Cr Mayne says 16 community organisations, 500 submissions, and five NSW Government departments have objected to what is proposed, including the Office of Environment and Heritage (OEH), Primary Industries, Rural Fire Service, and Local Land Services.

The Rural Lands Planning Proposal is due to come back to Shire Councilors for final sign off on August 28 after being on public exhibition during May and June.

Kangaroos at dawn on the Eurobodalla coastline. Photo: Eurobodalla Tourism Facebook.

Kangaroos at dawn on the Eurobodalla coastline. Photo: Eurobodalla Tourism Facebook.

Council’s Director of Planning and Sustainability Services, Lindsay Usher says Councilors will receive a report that deals with all of those submissions and the individual properties being questioned.

“It’s important to note that the State Government agencies who have lodged submissions have been involved in this process from the very start,” Mr Ushers says.

“They’re not opposed to the strategy as such, but to certain elements of it that relate to their agencies. We considered their concerns at that time and we’ve reviewed them again and we continue to disagree with the issues they raise.

“These areas of disagreement are addressed in the planning proposal,” Mr Usher says.

At the front of Cr Mayne’s thinking is whether there are enough protections in place to safeguard the environment and the amenity of the coastal and rural villages that dot the 3,428 km² of the shire.

“Coastal villages like Mossy Point, Broulee, Sunshine Bay, Rosedale, and Tomakin have not realised the relevance of this document to them because of the strategy’s rural title,” Cr Mayne says.

He believes the Rural Lands Steering Committee which was set up in 2012 to reflect the communities wishes and shape the document was too heavily weighted with the views of large landholders.

Mayor Liz Innes, who was a member of the committee disagrees, “People shouldn’t think that rural landowners have a mindset that is anti-environment.”

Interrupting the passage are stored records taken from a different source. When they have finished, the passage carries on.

lemma second_type_nonsingular_time:
  assumes g: "is_semigroup g" and W: "subspace W" "W \<noteq> {0}" and "second_type g W"
  shows "\<exists>x0>0. 0 \<notin> eigenvalues_on (g x0) W"
proof -
  obtain lam x0 where lam: "\<And>x. x \<ge> 0 \<Longrightarrow> eigenvalues_on (g x) W \<subseteq> {lam x, cnj (lam x)}"
    and "x0 \<ge> 0" "lam x0 \<notin> \<real>"
    using \<open>second_type g W\<close> by (auto simp: second_type_def)
  have "x0 \<noteq> 0"
  proof
    assume "x0 = 0"
    have "g 0 = id" using g by (simp add: is_semigroup_def)
    then have "1 \<in> {lam 0, cnj (lam 0)}" using lam[of 0] one_in_eigenvalues_on_id[OF W] by auto
    then have "lam 0 = 1" using complex_cnj_cnj[of "lam 0"] by auto
    then have "lam 0 \<in> \<real>" by simp
    with \<open>lam x0 \<notin> \<real>\<close> \<open>x0 = 0\<close> show False by simp
  qed
  moreover have "lam x0 \<noteq> 0" using \<open>lam x0 \<notin> \<real>\<close> by auto
  then have "0 \<notin> eigenvalues_on (g x0) W" using lam[OF \<open>x0 \<ge> 0\<close>] by auto
  ultimately show ?thesis using \<open>x0 \<ge> 0\<close> by (intro exI[of _ x0]) simp
qed

lemma exists_nonsingular_time:
  assumes g: "is_semigroup g" and W: "subspace W" "W \<noteq> {0}"
    and "first_type g W \<or> second_type g W"
    and not_nilpotent: "\<not> (first_type g W \<and> (\<forall>x>0. eigenvalues_on (g x) W = {0}))"
  shows "\<exists>x0>0. 0 \<notin> eigenvalues_on (g x0) W"
proof (cases "first_type g W")
  case True
  with not_nilpotent obtain x0 where "x0 > 0" "eigenvalues_on (g x0) W \<noteq> {0}" by auto
  moreover obtain r where "eigenvalues_on (g x0) W = {complex_of_real r}"
    using True \<open>x0 > 0\<close> unfolding first_type_def by (meson less_imp_le)
  ultimately show ?thesis by auto
qed (use second_type_nonsingular_time[OF g W] \<open>first_type g W \<or> second_type g W\<close> in blast)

“Most rural landowners I know are very conscious of the fact that the condition of the environment is paramount.

“And there were representatives of those peak State Government bodies, regional directors from organisations like NSW Planning were there over a five year period.”

Cr Innes says any suggestion that her family will directly benefit from the outcomes of the Rural Lands Strategy is false.

Eurobodalla Mayor, Liz Innes. Photo: ESC

Eurobodalla Mayor, Liz Innes. Photo: ESC

Moruya’s Stuart Whitelaw was part of the steering committee but resigned, concerned that the group was only focused on removing environmental overlays.

“When the steering committee voted to remove the word ‘stewardship’ from the document and replaced it with ‘ownership’ then the path of the steering committee is set,” he says.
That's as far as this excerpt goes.